According to Russell (63–66), the following claims are true: There is no objective payoff for studying philosophy. Philosophy is not a means to an end. Philosophy dos not directly produce knowledge. Though philosophy is the great mother of sciences, it leaves it to the other sciences to find answers — because if it were to produce answers, it would no longer be philosophy. Indeed, said Russell, the purpose of philosophy is not to find answers, but to better ourselves as people by helping us clarify questions; accept uncertainty; examine our beliefs, convictions, and prejudices; remove ignorance which prevents us from eventually finding answers to problems; and to help us achieve personal liberation by developing compassion and kindness. If Russell was correct, then it is no wonder that criminology and healthcare students don’t find immediate answers to their problems; yet it is the hope that philosophy helped them take small steps towards becoming clearer thinkers and better people.

Russell believed that the ambiguities, misunderstandings, and other obstacles to clear thinking were the result of the inadequacy of grammar. Propositions should either be true, or false — not indeterminate. But what is the truth value of a statement such as “The present of King of France is bald,” considering that the present King France is a non-existent entity. How can something that doesn’t exist have a property; and moreover, how can we determine the truth value of such a claim? Russell sought to clean up sloppy language by translating it into logical form, a superior “language” which explicitly elucidates the intent of the deficient grammar, which is in this case, “There exists one and only one present King of France, and he is bald.” If we apply Russell’s logic, we have a conjunction, A + B. Unless both conjuncts are true, the statement is false. Since A is false, we now have successfully determined the falsity of the entire statement. Russell cleaned up language, at least with respect to nonexistent definite descriptions. But using a similar strategy of determining the logical intent behind grammar, Russell’s theory of descriptions solved various classic puzzles of grammar presented by Frege and Strawson[1].

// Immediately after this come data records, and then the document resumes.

lemma k_splitting_extend_by_edges:
  assumes F: "k_splitting n k F" and "k \<le> n"
  shows "k_splitting (n + 2) (k + 1) (extend_by_edges c F)"
proof -
  let ?h = "\<lambda>(b, f). square_edge (c f) b @ f"
  from F have fin: "finite F" and card_F: "card F = 2 ^ k"
    and faces_F: "\<forall>f\<in>F. is_face n (n - k) f" and cover_F: "(\<Union>f\<in>F. face_set f) = cube n"
    by (auto simp: k_splitting_def)
  have "inj_on ?h (UNIV \<times> F)"
  proof (rule inj_onI, clarify)
    fix b f b' f'
    assume eq: "square_edge (c f) b @ f = square_edge (c f') b' @ f'"
    then have "f = f'"
      using arg_cong[OF eq, of "drop 2"] by simp
    with eq show "b = b' \<and> f = f'" by simp
  qed
  then have card: "card (extend_by_edges c F) = 2 ^ (k + 1)"
    by (simp add: extend_by_edges_def card_image card_cartesian_product card_F)
  have faces: "\<forall>a\<in>extend_by_edges c F. is_face (n + 2) (n + 2 - (k + 1)) a"
  proof
    fix a assume "a \<in> extend_by_edges c F"
    then obtain b f where a: "a = square_edge (c f) b @ f" and "f \<in> F"
      by (auto simp: extend_by_edges_def)
    with faces_F have "length f = n" "card (direction f) = n - k"
      by (auto simp: is_face_def)
    moreover have "card ((\<lambda>i. i + 2) ` direction f) = card (direction f)"
      by (simp add: card_image inj_on_def)
    ultimately show "is_face (n + 2) (n + 2 - (k + 1)) a"
      using \<open>k \<le> n\<close> by (auto simp: is_face_def a direction_square_edge_append card_insert_if)
  qed
  have "x \<in> (\<Union>a\<in>extend_by_edges c F. face_set a)" if "x \<in> cube (n + 2)" for x
  proof -
    from that obtain x0 x1 y where x: "x = [x0, x1] @ y" and "length y = n"
      by (auto simp: cube_def length_Suc_conv numeral_2_eq_2)
    with cover_F obtain f where "f \<in> F" "y \<in> face_set f"
      by (auto simp: cube_def)
    moreover define b where "b = (if c f then x1 else x0)"
    then have "[x0, x1] \<in> face_set (square_edge (c f) b)"
      by (simp add: mem_face_set_square_edge_iff)
    ultimately have "x \<in> face_set (square_edge (c f) b @ f)"
      unfolding x by (subst append_mem_face_set_append_iff) simp_all
    moreover have "square_edge (c f) b @ f \<in> extend_by_edges c F"
      using \<open>f \<in> F\<close> unfolding extend_by_edges_def
      by (intro image_eqI[of _ _ "(b, f)"]) auto
    ultimately show ?thesis by blast
  qed
  moreover have "(\<Union>a\<in>extend_by_edges c F. face_set a) \<subseteq> cube (n + 2)"
    using faces by (auto simp: cube_def is_face_def dest: length_of_mem_face_set)
  ultimately show ?thesis
    using fin card faces by (auto simp: k_splitting_def extend_by_edges_def)
qed

definition separates_directions :: "(sym list \<Rightarrow> bool) \<Rightarrow> sym list set \<Rightarrow> bool" where
  "separates_directions c F \<longleftrightarrow>
     (\<forall>f\<in>F. \<forall>g\<in>F. direction f = direction g \<longrightarrow> c f = c g \<longrightarrow> f = g)"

Russell’s student, Ludwig Wittgenstein, initially seemed to share Russell’s belief that the best strategy to clean up philosophy was to clean up language. Both Russell and Wittgenstein sought to explain the way language works behind grammar, but they employed distinct strategies. As explicated above, Russell sought to expose the underlying logic, and reduce the world to logical statements about simples[2]. But Wittgenstein took a different approach: His picture theory taught that those objects — and only those objects — which could coherently fit together in a picture were part of the world. Anything else was nonsensical, and one could not possibly encounter nonsensical states of affairs composed of things that did not fit logically together (Tractatus ). Russell explained how sentences referring to nonexistents could have meaning by reducing such sentences to anatomical logical statements, as described above. Wittgenstein, on the other hand, stated that nonexistents, so long as they were logically possible (the present King of France is possible, but a round square is not), were facts of the world. They may be true facts, or false facts — but all logically possible states of affairs are part of the world as described by language.

But this is where Russell and Wittgenstein parted ways. Whereas Russell may have succeeded in inventorying the world of anatomic facts, Wittgenstein embarked on a much more radical project: To refute that anatomical facts have significant meaning, and moreover, to refute widely accepted metaphysical beliefs because such metaphysical theories do not fit into pictures. For example, beliefs about morality, good, bad, and God are out the window — such things cannot be pictured.

Wittgenstein was not done yet; his project was not to lead us into nihilism then walk away. He pointed us in a new direction by offering an alternative method to understand life which did not rely on metaphysical theories (indeed, it precluded them). This was the world of Realität — the present moment of here and now which cannot be converted to linguistic descriptions nor metaphysical concepts. Indeed, the present moment is all we ever have. No sooner than we attempt to conceptualize, philosophize, moralize, or otherwise judge an experience, that moment and that experience are already gone. Realität is a mystical place, where one might find meaning in life, yet in which there is no possibility of conceptualizations.

Equally as radical, Wittgenstein argued that all language is public. Language games give meaning to people’s lives in the context of culture. At first, this claim might seem innocuous. But a deeper understanding of this claim reveals that if there is no private language, then although sensations are private, culture defines all concepts. This means that one’s self identity is contingent upon public language. Without public language, in principle, a person would have brute sensory experiences but no cognitive understanding of the meaning of those experiences. This was a radical claim that the nature of human cognition is contingent and cultural — rather than necessary a priori.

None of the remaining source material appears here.